Now I began to understand the trade off that these women were valuing. In order to get cheap prices on brand name clothing, they were willing to forgo the traditional, calm shopping experience for a madhouse, flea-market type setting in which it was every woman for herself.
While at first we attempted to sort through some clothing looking for nice sweaters and blazers, my mom and I soon gave up as we were constantly tripping over clothing and shoved out of the way by other shoppers. Instead, we headed to the other end of the warehouse where there were boxes of leather boots on sale. Given the good price and the fact that boxes of boots were much easier to pick out than mounds of fabric, we began looking for boots to purchase. Once again, we were amazed at the disorganization. While the cardboard boxes were labeled with shoe sizes, at this late date in the sale all sizes were mixed together. To make it even worse, the shoes were not even paired together, so it was just boxes full of left and right shoes of all sizes. Not only did we have to search for our sizes, but we had to find a left shoe and a right shoe in each color and style. Regardless, we were up for the challenge this time and spent about 30 minutes looking for matching boots for each other and my sister. We each ended up buying a pair of short brown leather boots for $50 each. On top of that, we were given a 30% off coupon for our entire purchase that dropped the prices down even more.
-Jacqueline Buff is a senior Business & Enterprise Management major with concentrations in Marketing and Arts Markets and an Art History minor.
After reading this post, I can confidently say that this scene would fall near the top of my “last places I would ever want to be” list.
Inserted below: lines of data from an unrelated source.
lemma pi_sq_div_6_le_partial_sum:
  assumes K: "K \<ge> 1"
  shows "pi^2/6 \<le> (\<Sum>l=1..K. 1 / (real l)^2) + 1 / real K"
proof -
  have tail: "(\<Sum>n<N. 1 / (real n + 1)^2) \<le> (\<Sum>n<K. 1 / (real n + 1)^2) + 1 / real K - 1 / real N"
    if "N \<ge> K" for N
    using that
  proof (induction N rule: dec_induct)
    case (step N)
    have N: "real N \<ge> 1" using step K by simp
    have "1 / (real N + 1)^2 \<le> 1 / (real N * (real N + 1))"
      using N by (intro divide_left_mono) (auto simp: power2_eq_square)
    also have "\<dots> = 1 / real N - 1 / (real N + 1)"
      using N by (simp add: field_simps)
    finally have "1 / (real N + 1)^2 \<le> 1 / real N - 1 / (1 + real N)" by (simp add: add.commute)
    thus ?case using step.IH by simp
  qed simp
  have "(\<lambda>N. \<Sum>n<N. 1 / (real n + 1)^2) \<longlonglongrightarrow> pi^2/6"
    using inverse_squares_sums by (simp add: sums_def add.commute)
  moreover have "(\<lambda>N. (\<Sum>n<K. 1 / (real n + 1)^2) + 1 / real K - 1 / real N)
      \<longlonglongrightarrow> (\<Sum>n<K. 1 / (real n + 1)^2) + 1 / real K - 0"
    by (intro tendsto_intros lim_const_over_n)
  ultimately have "pi^2/6 \<le> (\<Sum>n<K. 1 / (real n + 1)^2) + 1 / real K"
    using tail by (intro LIMSEQ_le) auto
  also have "(\<Sum>n<K. 1 / (real n + 1)^2) = (\<Sum>l=1..K. 1 / (real l)^2)"
    by (induction K) (auto simp: sum.cl_ivl_Suc add.commute)
  finally show ?thesis .
qed

section \<open>Integrals on intervals\<close>

lemma has_integral_real_derivative:
  fixes F f :: "real \<Rightarrow> real"
  assumes "a \<le> b" "\<And>x. (F has_real_derivative f x) (at x)"
  shows "(f has_integral (F b - F a)) {a..b}"
  using assms(1)
  by (rule fundamental_theorem_of_calculus)
     (use assms(2) in \<open>auto simp: has_real_derivative_iff_has_vector_derivative[symmetric]
                               intro: has_field_derivative_at_within\<close>)

lemma has_integral_split_at:
  fixes F G1 G2 :: "real \<Rightarrow> real"
  assumes "a \<le> u" "u \<le> b"
    and "\<And>t. a \<le> t \<Longrightarrow> t < u \<Longrightarrow> F t = G1 t" "\<And>t. u \<le> t \<Longrightarrow> t \<le> b \<Longrightarrow> F t = G2 t"
    and "(G1 has_integral I1) {a..u}" "(G2 has_integral I2) {u..b}"
  shows "(F has_integral (I1 + I2)) {a..b}"
proof (rule has_integral_combine[OF assms(1,2)])
  show "(F has_integral I1) {a..u}"
    by (rule has_integral_spike_finite[of "{u}", OF _ _ assms(5)]) (auto intro!: assms(3))
  show "(F has_integral I2) {u..b}"
    by (rule has_integral_spike_finite[of "{}", OF _ _ assms(6)]) (auto intro!: assms(4))
qed

lemma integral_uniform_measure_interval:
  fixes f :: "real \<Rightarrow> real"
  assumes "a < b" and f: "f \<in> borel_measurable borel"
    and bounded: "\<And>x. x \<in> {a..b} \<Longrightarrow> \<bar>f x\<bar> \<le> B" and I: "(f has_integral I) {a..b}"
  shows "integral\<^sup>L (uniform_measure lborel {a..b}) f = I / (b - a)"
proof -
  have "uniform_measure lborel {a..b} = density lborel (\<lambda>x. ennreal (indicator {a..b} x / (b - a)))"
    using \<open>a < b\<close> unfolding uniform_measure_def
    by (simp add: divide_ennreal ennreal_indicator[symmetric] split: split_indicator)
  hence "integral\<^sup>L (uniform_measure lborel {a..b}) f = (\<integral>x. (indicator {a..b} x / (b - a)) *\<^sub>R f x \<partial>lborel)"
    using \<open>a < b\<close> f by (simp add: integral_density)
  also have "\<dots> = (LINT x:{a..b}|lborel. f x) / (b - a)"
    by (simp add: set_lebesgue_integral_def)
  also have "(LINT x:{a..b}|lborel. f x) = I"
  proof -
    have "set_integrable lborel {a..b} f"
      unfolding set_integrable_def
      by (rule integrableI_bounded_set_indicator[where B=B]) (use \<open>a < b\<close> f bounded in auto)
    thus ?thesis using set_borel_integral_eq_integral(2) I integral_unique by metis
  qed
  finally show ?thesis .
qed

section \<open>Karhunen--Loeve coefficients of the sawbridge\<close>

definition sawbridge_energy :: "real \<Rightarrow> real" where
  "sawbridge_energy u = (u^3 + (1 - u)^3) / 3"

definition sawbridge_coeff :: "nat \<Rightarrow> real \<Rightarrow> real" where
  "sawbridge_coeff l u = - sqrt 2 * cos (pi * real l * u) / (pi * real l)"

definition kl_eigenvalue :: "nat \<Rightarrow> real" where
  "kl_eigenvalue l = 1 / (pi^2 * (real l)^2)"

definition kl_truncation_error :: "nat \<Rightarrow> real \<Rightarrow> real" where
  "kl_truncation_error K u = sawbridge_energy u - (\<Sum>l\<in>{1..K}. (sawbridge_coeff l u)^2)"

lemma has_integral_sawbridge_sq:
  assumes "0 \<le> u" "u \<le> 1"
  shows "((\<lambda>t. (sawbridge u t)^2) has_integral sawbridge_energy u) {0..1}"
proof -
  have "((\<lambda>t. t^2) has_integral (u^3/3 - 0^3/3)) {0..u}"
    by (rule has_integral_real_derivative)
       (use assms in \<open>auto intro!: derivative_eq_intros simp: power2_eq_square\<close>)
  moreover have "((\<lambda>t. (t - 1)^2) has_integral ((1-1)^3/3 - (u-1)^3/3)) {u..1}"
    by (rule has_integral_real_derivative)
       (use assms in \<open>auto intro!: derivative_eq_intros simp: power2_eq_square\<close>)
  ultimately have "((\<lambda>t. (sawbridge u t)^2) has_integral (u^3/3 - 0^3/3) + ((1-1)^3/3 - (u-1)^3/3)) {0..1}"
    using assms by (intro has_integral_split_at) (auto simp: sawbridge_def)
  moreover have "(u^3/3 - 0^3/3) + ((1-1)^3/3 - (u-1)^3/3) = sawbridge_energy u"
    unfolding sawbridge_energy_def by (simp add: power3_eq_cube field_simps)
  ultimately show ?thesis by simp
qed

lemma has_integral_sawbridge_kl_phi:
  assumes "0 \<le> u" "u \<le> 1" "l \<ge> 1"
  shows "((\<lambda>t. sawbridge u t * kl_phi l t) has_integral sawbridge_coeff l u) {0..1}"
proof -
  define a where "a = pi * real l"
  have "a > 0" "sin a = 0" using assms by (simp_all add: a_def)
  define F1 where "F1 t = sqrt 2 * (sin (a*t) / a^2 - t * cos (a*t) / a)" for t
  define F2 where "F2 t = sqrt 2 * (sin (a*t) / a^2 - (t - 1) * cos (a*t) / a)" for t
  have "((\<lambda>t. t * (sqrt 2 * sin (a * t))) has_integral (F1 u - F1 0)) {0..u}"
    by (rule has_integral_real_derivative[OF assms(1)])
       (use \<open>a > 0\<close> in \<open>auto simp: F1_def field_simps power2_eq_square intro!: derivative_eq_intros\<close>)
  moreover have "((\<lambda>t. (t - 1) * (sqrt 2 * sin (a * t))) has_integral (F2 1 - F2 u)) {u..1}"
    by (rule has_integral_real_derivative[OF assms(2)])
       (use \<open>a > 0\<close> in \<open>auto simp: F2_def field_simps power2_eq_square intro!: derivative_eq_intros\<close>)
  ultimately have "((\<lambda>t. sawbridge u t * kl_phi l t) has_integral (F1 u - F1 0) + (F2 1 - F2 u)) {0..1}"
    using assms by (intro has_integral_split_at) (auto simp: sawbridge_def kl_phi_def a_def mult.assoc)
  moreover have "(F1 u - F1 0) + (F2 1 - F2 u) = sawbridge_coeff l u"
    using \<open>a > 0\<close> \<open>sin a = 0\<close>
    by (simp add: F1_def F2_def sawbridge_coeff_def a_def[symmetric] field_simps)
  ultimately show ?thesis by simp
qed

lemma has_integral_kl_phi_mult:
  assumes "k \<ge> 1" "l \<ge> 1"
  shows "((\<lambda>t. kl_phi k t * kl_phi l t) has_integral (if k = l then 1 else 0)) {0..1}"
proof -
  define a where "a = pi * real k"
  define b where "b = pi * real l"
  have "a > 0" "b > 0" using assms by (simp_all add: a_def b_def)
  have prod: "kl_phi k t * kl_phi l t = cos ((a - b) * t) - cos ((a + b) * t)" for t
  proof -
    have "kl_phi k t * kl_phi l t = (sqrt 2 * sqrt 2) * (sin (a*t) * sin (b*t))"
      by (simp add: kl_phi_def a_def b_def mult_ac)
    also have "\<dots> = 2 * ((cos (a*t - b*t) - cos (a*t + b*t)) / 2)"
      by (simp add: sin_times_sin)
    finally show ?thesis by (simp add: algebra_simps)
  qed
  show ?thesis
  proof (cases "k = l")
    case True
    hence "b = a" by (simp add: a_def b_def)
    define F where "F t = t - sin (2 * a * t) / (2 * a)" for t
    have "((\<lambda>t. cos ((a - b) * t) - cos ((a + b) * t)) has_integral (F 1 - F 0)) {0..1}"
      by (rule has_integral_real_derivative)
         (use \<open>a > 0\<close> \<open>b = a\<close> in \<open>auto simp: F_def field_simps intro!: derivative_eq_intros\<close>)
    moreover have "sin (2 * a) = 0"
      using sin_npi2[of "2 * k"] by (simp add: a_def mult.assoc mult.left_commute)
    ultimately show ?thesis unfolding prod using True by (simp add: F_def)
  next
    case False
    hence "a \<noteq> b" by (simp add: a_def b_def)
    define F where "F t = sin ((a - b) * t) / (a - b) - sin ((a + b) * t) / (a + b)" for t
    have "((\<lambda>t. cos ((a - b) * t) - cos ((a + b) * t)) has_integral (F 1 - F 0)) {0..1}"
      by (rule has_integral_real_derivative)
         (use \<open>a > 0\<close> \<open>b > 0\<close> \<open>a \<noteq> b\<close> in \<open>auto simp: F_def intro!: derivative_eq_intros\<close>)
    moreover have "sin (a - b) = 0"
      using sin_npi_int[of "int k - int l"] by (simp add: a_def b_def algebra_simps)
    moreover have "sin (a + b) = 0"
      using sin_npi2[of "k + l"] by (simp add: a_def b_def algebra_simps)
    ultimately show ?thesis unfolding prod using False by (simp add: F_def)
  qed
qed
Right up there with watching the Steelers beat my beloved Ravens (which does not happen often). In my opinion this is a classic example of etiquette being dependent on where the store falls on the consumers’ perceptual map. In a typical J. Crew store almost all shoppers conduct themselves in a calm fashion, always mindful to respect surrounding shoppers and the item displays. This is a result of J. Crew being viewed as a high-end store, with that comes certain expectations in terms of shopping etiquette. However, in the case of this J. Crew sale, the feeling of the usual high-end store goes out the window, accompanied by the previously mentioned manners. The fold out tables, paper signs, and clothes being strewn about haphazardly gives a sense of a low-end bargain store, which encourages shoppers to act in a manner consistent with a low-end “payless” type store.